Work to be completed: What is needed is an exact copy of the entries below, from the line that contains "bool) \<Rightarrow> nat" through the final line, both included, and nothing else.

Saved entries
(* For the generalized coin-tossing process with parameter $p\in(0,1)$, $q=1-p$, and OPs of length $m=3$, the OP probability vector is $\mathbf p=(p^2,\,p^2q,\,p^2q,\,pq^2,\,pq^2,\,q^2)^\top$, and the long-run covariance matrix is $$\Sigma=\begin{pmatrix} p^2(1+2p-3p^2)&p^3q(1-3p)&p^3q(1-3p)&p^2q^2(1-3p)&p^2q^2(1-3p)&-3p^2q^2\\ p^3q(1-3p)&p^2q(1-3p^2q)&p^3q(1-3pq)&-3p^3q^3&p^2q^2(1-3pq)&p^2q^2(1-3q)\\ p^3q(1-3p)&p^3q(1-3pq)&p^2q(1-3p^2q)&p^2q^2(1-3pq)&-3p^3q^3&p^2q^2(1-3q)\\ p^2q^2(1-3p)&-3p^3q^3&p^2q^2(1-3pq)&pq^2(1-3pq^2)&pq^3(1-3pq)&pq^3(3p-2)\\ p^2q^2(1-3p)&p^2q^2(1-3pq)&-3p^3q^3&pq^3(1-3pq)&pq^2(1-3pq^2)&pq^3(3p-2)\\ -3p^2q^2&p^2q^2(1-3q)&p^2q^2(1-3q)&pq^3(3p-2)&pq^3(3p-2)&pq^2(4-3p) \end{pmatrix}.$$
   Context: Generalized coin-tossing (GCT) process with parameter $p\in(0,1)$, $q=1-p$: a random strict total order on objects $(X_t)_{t\in\mathbb Z}$ defined from mutually independent Bernoulli variables $\xi_{s,t}$, $s<t$, with $\mathbb P(\xi_{s,t}=1)=p$, recursively in $t-s$: if $t-s=1$, $X_s<X_t$ iff $\xi_{s,t}=1$; if $t-s\ge2$ and there is $r\in(s,t)$ with $X_s<X_r<X_t$ then $X_s<X_t$; if there is $r\in(s,t)$ with $X_s>X_r>X_t$ then $X_s>X_t$; otherwise $X_s<X_t$ iff $\xi_{s,t}=1$. $\Pi_t$ is the permutation in $S_3$ giving the ranks of $(X_t,X_{t+1},X_{t+2})$; OPs in lexicographic order are $\pi_1=(1,2,3)$, $\pi_2=(1,3,2)$, $\pi_3=(2,1,3)$, $\pi_4=(2,3,1)$, $\pi_5=(3,1,2)$, $\pi_6=(3,2,1)$. $p_i=\mathbb P(\Pi_0=\pi_i)$, $p_{ij}(k)=\mathbb P(\Pi_0=\pi_i,\Pi_k=\pi_j)$, $\Sigma=(\sigma_{ij})$ with $\sigma_{ij}=p_i(\delta_{ij}-p_j)+\sum_{k=1}^\infty\big(p_{ij}(k)+p_{ji}(k)-2p_ip_j\big)$. *)

theory Defs
  imports "HOL-Probability.Probability"
begin

definition gct_I :: "(int \<times> int) set" where
  "gct_I = {(s, t). s < t}"

text \<open>Underlying probability space: i.i.d. Bernoulli(p) variables xi_{s,t}, s<t
  (an outcome w assigns the value of xi_{s,t} = 1 to w (s,t)).\<close>
definition gct_M :: "real \<Rightarrow> ((int \<times> int) \<Rightarrow> bool) measure" where
  "gct_M p = PiM gct_I (\<lambda>_. measure_pmf (bernoulli_pmf p))"

text \<open>gct_ltd w d s t: for 0 < t - s <= d, whether X_s < X_t; defined by recursion
  on the distance t - s exactly as in the definition of the GCT process.\<close>
primrec gct_ltd :: "((int \<times> int) \<Rightarrow> bool) \<Rightarrow> nat \<Rightarrow> int \<Rightarrow> int \<Rightarrow> bool" where
  "gct_ltd w 0 s t = False"
| "gct_ltd w (Suc d) s t =
     (if t - s < int (Suc d) then gct_ltd w d s t
      else if t - s > int (Suc d) then False
      else if d = 0 then w (s, t)
      else if (\<exists>r. s < r \<and> r < t \<and> gct_ltd w d s r \<and> gct_ltd w d r t) then True
      else if (\<exists>r. s < r \<and> r < t \<and> \<not> gct_ltd w d s r \<and> \<not> gct_ltd w d r t) then False
      else w (s, t))"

Response to this exercise:
primrec gct_ltd :: "((int \<times> int) \<Rightarrow> bool) \<Rightarrow> nat \<Rightarrow> int \<Rightarrow> int \<Rightarrow> bool" where
  "gct_ltd w 0 s t = False"
| "gct_ltd w (Suc d) s t =
     (if t - s < int (Suc d) then gct_ltd w d s t
      else if t - s > int (Suc d) then False
      else if d = 0 then w (s, t)
      else if (\<exists>r. s < r \<and> r < t \<and> gct_ltd w d s r \<and> gct_ltd w d r t) then True
      else if (\<exists>r. s < r \<and> r < t \<and> \<not> gct_ltd w d s r \<and> \<not> gct_ltd w d r t) then False
      else w (s, t))"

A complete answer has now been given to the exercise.